Namun, Ferry menyebut bahwa dirinya lebih baik dipenjara daripada mengakui perbuatan yang tidak pernah ia lakukan. Bahkan, Ferry Irawan tak segan menyebut bahwa kasus KDRT itu hanya skenario mantan istrinya itu.
Menanggapi hal itu, Venna Melinda pun naik pitam. Ia kembali memberikan klarifikasi terkait pernyataan Ferry Irawan yang ia rasa tidak benar.

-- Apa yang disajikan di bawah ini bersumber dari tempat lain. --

lemma weight_mult_le:
  fixes a b :: "'a::idom poly poly"
  assumes "coeff (a * b) k \<noteq> 0"
  shows "weight D (a * b) k \<le> max_weight D a + max_weight D b"
proof (rule ccontr)
  define M where "M = degree (coeff (a * b) k)"
  assume "\<not> ?thesis"
  then have M: "int M > max_weight D a + max_weight D b + int k * int D"
    unfolding M_def weight_def by simp
  have "coeff a i * coeff b (k - i) = 0 \<or> degree (coeff a i * coeff b (k - i)) < M"
    if "i \<in> {..k}" for i
    using that M degree_coeff_mult_term[of a i b "k - i" D]
      weight_le_max_weight[of a i D] weight_le_max_weight[of b "k - i" D]
    by (cases "coeff a i = 0 \<or> coeff b (k - i) = 0") auto
  then have "coeff (a * b) k = 0 \<or> degree (coeff (a * b) k) < M"
    unfolding coeff_mult by (intro sum_eq_0_or_degree_less) auto
  then show False using assms M_def by simp
qed

text \<open>The uniqueness hypothesis holds for the pairs of largest and of smallest indices.\<close>

lemma coeff_mult_initial:
  fixes a b :: "'a::idom poly poly"
  assumes ka: "ka \<in> initial_support D a" and kb: "kb \<in> initial_support D b"
    and unique: "\<And>i l. i \<in> initial_support D a \<Longrightarrow> l \<in> initial_support D b \<Longrightarrow>
      i + l = ka + kb \<Longrightarrow> i = ka"
  shows "coeff (a * b) (ka + kb) \<noteq> 0"
    and "weight D (a * b) (ka + kb) = max_weight D a + max_weight D b"
proof -
  define K where "K = ka + kb"
  define t where "t i = coeff a i * coeff b (K - i)" for i
  define N where "N = degree (t ka)"
  have nz: "coeff a ka \<noteq> 0" "coeff b kb \<noteq> 0" using ka kb by (auto simp: initial_support_def)
  have N: "int N = max_weight D a + max_weight D b + int K * int D"
    using degree_coeff_mult_term[OF nz, of D] ka kb
    by (simp add: N_def t_def K_def initial_support_def)
  have lower: "t i = 0 \<or> degree (t i) < N" if "i \<in> {..K} - {ka}" for i
  proof (cases "t i = 0")
    case False
    then have nzi: "coeff a i \<noteq> 0" "coeff b (K - i) \<noteq> 0" by (auto simp: t_def)
    have "weight D a i + weight D b (K - i) < max_weight D a + max_weight D b"
      using unique[of i "K - i"] that nzi weight_le_max_weight[of a i D]
        weight_le_max_weight[of b "K - i" D]
      by (force simp: initial_support_def K_def)
    then show ?thesis
      using degree_coeff_mult_term[OF nzi, of D] that N by (simp add: t_def K_def)
  qed simp
  have split: "coeff (a * b) K = t ka + (\<Sum>i\<in>{..K} - {ka}. t i)"
    unfolding coeff_mult t_def by (subst sum.remove[of _ ka]) (auto simp: K_def)
  have rest: "(\<Sum>i\<in>{..K} - {ka}. t i) = 0 \<or> degree (\<Sum>i\<in>{..K} - {ka}. t i) < N"
    using lower by (intro sum_eq_0_or_degree_less) auto
  have "t ka \<noteq> 0" using nz by (simp add: t_def K_def)
  then have "coeff (coeff (a * b) K) N \<noteq> 0" and "degree (coeff (a * b) K) = N"
    using rest by (auto simp: split N_def coeff_eq_0 degree_add_eq_left)
  then show "coeff (a * b) (ka + kb) \<noteq> 0"
    and "weight D (a * b) (ka + kb) = max_weight D a + max_weight D b"
    using N by (auto simp: weight_def K_def)
qed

“Dari awal saya di-BAP pun, saya tidak pernah bilang saya dipatahin hidungnya. Kalau ditanya skenario, saya bikin skenario apa? Orang saya dateng kan dalam undangan kapasitas memenuhi resorative justice,” ujar Venna Melinda.

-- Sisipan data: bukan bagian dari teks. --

lemma parseval: "(\<Sum>s\<in>UNIV. (b s \<bullet> v)\<^sup>2) = v \<bullet> v"
proof -
  have "v \<bullet> v = v \<bullet> (\<Sum>s\<in>UNIV. (b s \<bullet> v) *\<^sub>R b s)"
    using expansion[of v] by simp
  then show ?thesis
    by (simp add: inner_sum_right power2_eq_square inner_commute)
qed

lemma entry_product_if_parallel_ones:
  assumes p: "b p \<bullet> (\<chi> k. 1) \<noteq> 0" and orth: "\<And>s. s \<noteq> p \<Longrightarrow> b s \<bullet> (\<chi> k. 1) = 0"
  shows "b p $ i * b p $ j = 1 / CARD('n)"
proof -
  define e :: "real^'n" where "e = (\<chi> k. 1)"
  have only_p: "(\<Sum>s\<in>UNIV. f s) = f p" if "\<And>s. s \<noteq> p \<Longrightarrow> f s = 0" for f :: "'n \<Rightarrow> 'z::comm_monoid_add"
    using that by (subst sum.remove[of UNIV p]) (auto intro: sum.neutral)
  have "e = (b p \<bullet> e) *\<^sub>R b p"
    using expansion[of e] only_p[of "\<lambda>s. (b s \<bullet> e) *\<^sub>R b s"] orth unfolding e_def by simp
  then have "e $ k = ((b p \<bullet> e) *\<^sub>R b p) $ k" for k
    by simp
  then have "b p $ k = 1 / (b p \<bullet> e)" for k
    using p unfolding e_def by (simp add: field_simps)
  moreover have "(b p \<bullet> e)\<^sup>2 = CARD('n)"
    using parseval[of e] only_p[of "\<lambda>s. (b s \<bullet> e)\<^sup>2"] orth unfolding e_def
    by (simp add: inner_vec_def)
  ultimately show ?thesis
    by (simp add: power2_eq_square)
qed

lemma eigen_matrix_vector:
  assumes "\<And>s. M *v b s = e s *\<^sub>R b s"
  shows "M *v v = (\<Sum>s\<in>UNIV. (e s * (b s \<bullet> v)) *\<^sub>R b s)"
proof -
  have "M *v v = M *v (\<Sum>s\<in>UNIV. (b s \<bullet> v) *\<^sub>R b s)"
    using expansion[of v] by simp
  also have "\<dots> = (\<Sum>s\<in>UNIV. (b s \<bullet> v) *\<^sub>R (M *v b s))"
    by (simp add: linear_sum[OF matrix_vector_mul_linear] matrix_vector_mult_scaleR)
  finally show ?thesis
    by (simp add: assms mult.commute)
qed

“Jadi, yang dia tanyakan pada saat itu, ‘Apakah saya mematahkan hidung kamu?’,” lanjutnya.
Oleh karena itu, pada saat itu Venna Melinda menjawab hal itu tidak benar. Sebab, Ferry Irawan memang tidak mematahkan hidungnya, tetapi menekan hingga keluar darah.
“Itu dirakit lagi sama dia. Dia bilang bahwa di persidangan saya tidak pernah apa katanya menganiaya dia,” ungkap Venna menyangkal.

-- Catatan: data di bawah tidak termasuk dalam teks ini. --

text \<open>The inequality for the quadratic monomial.  It is tight near x = 4, y = 1,
  which is where the constant 37.5888 comes from; small cases are checked
  directly, large x via the cubic estimate.\<close>
lemma gap_quadratic:
  fixes x y :: nat
  shows "real x * real x ^ 2 + (3309/625) * real y * (real x + 1) ^ 2
    \<le> (3309/625) * (\<Sum>j=1..x. real j ^ 2) + (23493/625) * real y * real y ^ 2"
proof -
  have cube_le_sum: "real x ^ 3 \<le> (3309/625) * (real x * (real x + 1) * (2 * real x + 1) / 6)"
    by (simp add: algebra_simps power2_eq_square power3_eq_cube)
  have "real x ^ 3 + (3309/625) * real y * (real x + 1) ^ 2
    \<le> (3309/625) * (real x * (real x + 1) * (2 * real x + 1) / 6) + (23493/625) * real y ^ 3"
  proof -
    consider "y = 0" | "x \<ge> 5" | "y = 1" "x \<le> 4" | "y \<ge> 2" "x \<le> 4" by linarith
    then show ?thesis
    proof cases
      case 1
      then show ?thesis using cube_le_sum by simp
    next
      case 2
      have "(3309/625) * real y * (real x + 1)^2 \<le> (23493/625) * real y^3 + (478/625) * (real x + 1)^3"
        by (rule cubic_estimate) auto
      moreover have "(3309/625) * (real x * (real x + 1) * (2 * real x + 1) / 6) - real x^3
          - (478/625) * (real x + 1)^3 = (441/1250) * real x^2 - (353/250) * real x - 478/625"
        by (simp add: algebra_simps power2_eq_square power3_eq_cube)
      moreover have "real x ^ 2 \<ge> 5 * real x"
        using 2 by (simp add: power2_eq_square)
      then have "(441/1250) * real x^2 - (353/250) * real x - 478/625 \<ge> 0"
        using 2 by simp
      ultimately show ?thesis by linarith
    next
      case 3
      then have "x \<in> {0, 1, 2, 3, 4}" by auto
      then show ?thesis using 3 by (auto simp: power2_eq_square power3_eq_cube)
    next
      case 4
      have "(2::real) ^ 2 \<le> real y ^ 2"
        using 4 by (intro power_mono) auto
      then have "real y * 4 \<le> real y * real y ^ 2"
        by (intro mult_left_mono) auto
      then have "real y * 4 \<le> real y ^ 3"
        by (simp add: power3_eq_cube power2_eq_square mult.assoc)
      moreover have "(real x + 1) ^ 2 \<le> 5 ^ 2"
        using 4 by (intro power_mono) auto
      then have "(3309/625) * real y * (real x + 1)^2 \<le> (3309/625) * real y * 25"
        by (intro mult_left_mono) auto
      ultimately show ?thesis using cube_le_sum by linarith
    qed
  qed
  then show ?thesis
    unfolding sum_first_squares by (simp add: power2_eq_square power3_eq_cube)
qed

lemma quadratic_per_resource:
  fixes f :: "real \<Rightarrow> real" and x y :: nat
  assumes coeffs: "a0 \<ge> 0" "a1 \<ge> 0" "a2 \<ge> 0"
    and f: "\<And>z. z \<ge> 0 \<Longrightarrow> f z = a0 + a1 * z + a2 * z^2"
  shows "real x * f (real x) + (3309/625) * real y * f (real x + 1)
     \<le> (3309/625) * (\<Sum>j=1..x. f (real j)) + (23493/625) * real y * f (real y)"
proof -
  define L0 R0 L1 R1 L2 R2 where
    L0_def: "L0 = real x + (3309/625) * real y"
    and R0_def: "R0 = (3309/625) * real x + (23493/625) * real y"
    and L1_def: "L1 = real x * real x + (3309/625) * real y * (real x + 1)"
    and R1_def: "R1 = (3309/625) * (\<Sum>j=1..x. real j) + (23493/625) * real y * real y"
    and L2_def: "L2 = real x * real x ^ 2 + (3309/625) * real y * (real x + 1) ^ 2"
    and R2_def: "R2 = (3309/625) * (\<Sum>j=1..x. real j ^ 2) + (23493/625) * real y * real y ^ 2"
  have sum_f: "(\<Sum>j=1..x. f (real j))
      = a0 * real x + a1 * (\<Sum>j=1..x. real j) + a2 * (\<Sum>j=1..x. real j ^ 2)"
    using f by (simp add: sum.distrib sum_distrib_left)
  have "real x * f (real x) + (3309/625) * real y * f (real x + 1) = a0 * L0 + a1 * L1 + a2 * L2"
    unfolding L0_def L1_def L2_def using f by (simp add: algebra_simps)
  also have "\<dots> \<le> a0 * R0 + a1 * R1 + a2 * R2"
  proof -
    have "L0 \<le> R0" "L1 \<le> R1" "L2 \<le> R2"
      unfolding L0_def R0_def L1_def R1_def L2_def R2_def
      by (rule gap_constant gap_linear gap_quadratic)+
    then show ?thesis using coeffs by (intro add_mono mult_left_mono)
  qed
  also have "\<dots> = (3309/625) * (\<Sum>j=1..x. f (real j)) + (23493/625) * real y * f (real y)"
    unfolding R0_def R1_def R2_def sum_f using f by (simp add: field_simps)
  finally show ?thesis .
qed

lemma load_insert:
  assumes "finite P" "i \<notin> P"
  shows "load (insert i P) s e = load P s e + (if e \<in> s i then 1 else 0)"
proof -
  have "{j \<in> insert i P. e \<in> s j} = (if e \<in> s i then insert i {j \<in> P. e \<in> s j} else {j \<in> P. e \<in> s j})"
    by auto
  then show ?thesis using assms by (simp add: load_def)
qed

lemma load_fun_upd_absent: "i \<notin> P \<Longrightarrow> load P (s(i := t)) e = load P s e"
  unfolding load_def by (rule arg_cong[where f = card]) auto

lemma load_mono: "finite Q \<Longrightarrow> P \<subseteq> Q \<Longrightarrow> load P s e \<le> load Q s e"
  unfolding load_def by (rule card_mono) auto

lemma sum_players_eq_sum_resources:
  assumes "finite E" "\<And>i. i < n \<Longrightarrow> T i \<subseteq> E"
  shows "(\<Sum>i<n. \<Sum>e\<in>T i. g e) = (\<Sum>e\<in>E. real (load {..<n} T e) * g e)"
proof -
  have "(\<Sum>i<n. \<Sum>e\<in>T i. g e) = (\<Sum>i<n. \<Sum>e\<in>E. if e \<in> T i then g e else 0)"
  proof (rule sum.cong[OF refl])
    fix i assume "i \<in> {..<n}"
    then have "{e \<in> E. e \<in> T i} = T i" using assms(2) by auto
    then show "(\<Sum>e\<in>T i. g e) = (\<Sum>e\<in>E. if e \<in> T i then g e else 0)"
      using sum.inter_filter[OF assms(1), of g "\<lambda>e. e \<in> T i"] by simp
  qed
  also have "\<dots> = (\<Sum>e\<in>E. \<Sum>i<n. if e \<in> T i then g e else 0)"
    by (rule sum.swap)
  also have "\<dots> = (\<Sum>e\<in>E. real (load {..<n} T e) * g e)"
  proof (rule sum.cong[OF refl])
    fix e
    have "(\<Sum>i<n. if e \<in> T i then g e else 0) = (\<Sum>i\<in>{i\<in>{..<n}. e \<in> T i}. g e)"
      by (rule sum.inter_filter[symmetric]) simp
    then show "(\<Sum>i<n. if e \<in> T i then g e else 0) = real (load {..<n} T e) * g e"
      by (simp add: load_def)
  qed
  finally show ?thesis .
qed

lemma SUM_cost_by_resources:
  assumes "finite E" "\<And>i. i < n \<Longrightarrow> T i \<subseteq> E"
  shows "SUM_cost n lat T = (\<Sum>e\<in>E. real (load {..<n} T e) * lat e (real (load {..<n} T e)))"
  unfolding SUM_cost_def player_cost_def by (rule sum_players_eq_sum_resources[OF assms])

section \<open>Rosenthal's potential\<close>

definition rosenthal :: "'e set \<Rightarrow> ('e \<Rightarrow> real \<Rightarrow> real) \<Rightarrow> nat set \<Rightarrow> (nat \<Rightarrow> 'e set) \<Rightarrow> real" where
  "rosenthal E lat P s = (\<Sum>e\<in>E. \<Sum>j=1..load P s e. lat e (real j))"

lemma rosenthal_insert:
  assumes "finite E" "finite P" "i \<notin> P" "s i \<subseteq> E"
  shows "rosenthal E lat (insert i P) s = rosenthal E lat P s + player_cost lat (insert i P) s i"
proof -
  have "rosenthal E lat (insert i P) s = (\<Sum>e\<in>E. (\<Sum>j=1..load P s e. lat e (real j))
      + (if e \<in> s i then lat e (real (load P s e + 1)) else 0))"
    unfolding rosenthal_def using assms by (intro sum.cong) (auto simp: load_insert)
  also have "\<dots> = rosenthal E lat P s + (\<Sum>e\<in>E. if e \<in> s i then lat e (real (load P s e + 1)) else 0)"
    unfolding rosenthal_def by (simp add: sum.distrib)
  also have "(\<Sum>e\<in>E. if e \<in> s i then lat e (real (load P s e + 1)) else 0)
      = (\<Sum>e\<in>s i. lat e (real (load P s e + 1)))"
  proof -
    have "{e \<in> E. e \<in> s i} = s i" using assms(4) by auto
    then show ?thesis
      using sum.inter_filter[OF assms(1), of "\<lambda>e. lat e (real (load P s e + 1))" "\<lambda>e. e \<in> s i"]
      by simp
  qed
  also have "\<dots> = player_cost lat (insert i P) s i"
    unfolding player_cost_def using assms by (intro sum.cong) (auto simp: load_insert)
  finally show ?thesis .
qed

section \<open>One-round walks\<close>

lemma one_round_walk_order:
  assumes "one_round_walk n Strat lat ord s"
  shows "length ord = n" and "\<And>k. k < n \<Longrightarrow> ord ! k < n"
    and "\<And>k. k < n \<Longrightarrow> ord ! k \<notin> set (take k ord)"
proof -
  have dist: "distinct ord" and set_ord: "set ord = {..<n}"
    using assms unfolding one_round_walk_def by auto
  show len: "length ord = n"
    using distinct_card[OF dist] set_ord by simp
  show "ord ! k < n" if "k < n" for k
    using nth_mem[of k ord] that len set_ord by auto
  show "ord ! k \<notin> set (take k ord)" if "k < n" for k
  proof -
    have "distinct (take (Suc k) ord)" using dist by simp
    then show ?thesis using that len by (simp add: take_Suc_conv_app_nth)
  qed
qed

lemma one_round_walk_strategies:
  assumes "one_round_walk n Strat lat ord s" "i < n"
  shows "s i \<in> Strat i"
proof -
  have "i \<in> set ord" using assms unfolding one_round_walk_def by auto
  then obtain k where "k < length ord" "ord ! k = i" by (auto simp: in_set_conv_nth)
  then show ?thesis using assms(1) unfolding one_round_walk_def best_response_def by auto
qed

“Kalau saya tidak pernah menganiaya bagaimana mungkin ada fonis satu tahun, darah yang berceceran sudah di-DNA, darah saya, CCTV menyatakan tidak ada orang lain yang masuk kecuali kita berdua,” lanjutnya.
Lebih lanjut, Venna Melinda selalu mengatakan, dirinya memang acap kali mendapatkan perlakuan kasar dari Ferry Irawan. Namun, hal itu dilakukan tanpa meninggalkan bekas.
Baca Juga: Dewi Perssik Dihujat Gegara Sebut Ogah Rujuk Jika di Posisi Lady Nayoan: Nggak Usah Ngomporin!
“Dan dari dulu saya selalu bilang, KDRT dia tidak meninggalkan bekas. Dia tahu titik kelemahan orang, makanya dibekep sampai gak bisa napas, dipiting,” ungkapnya.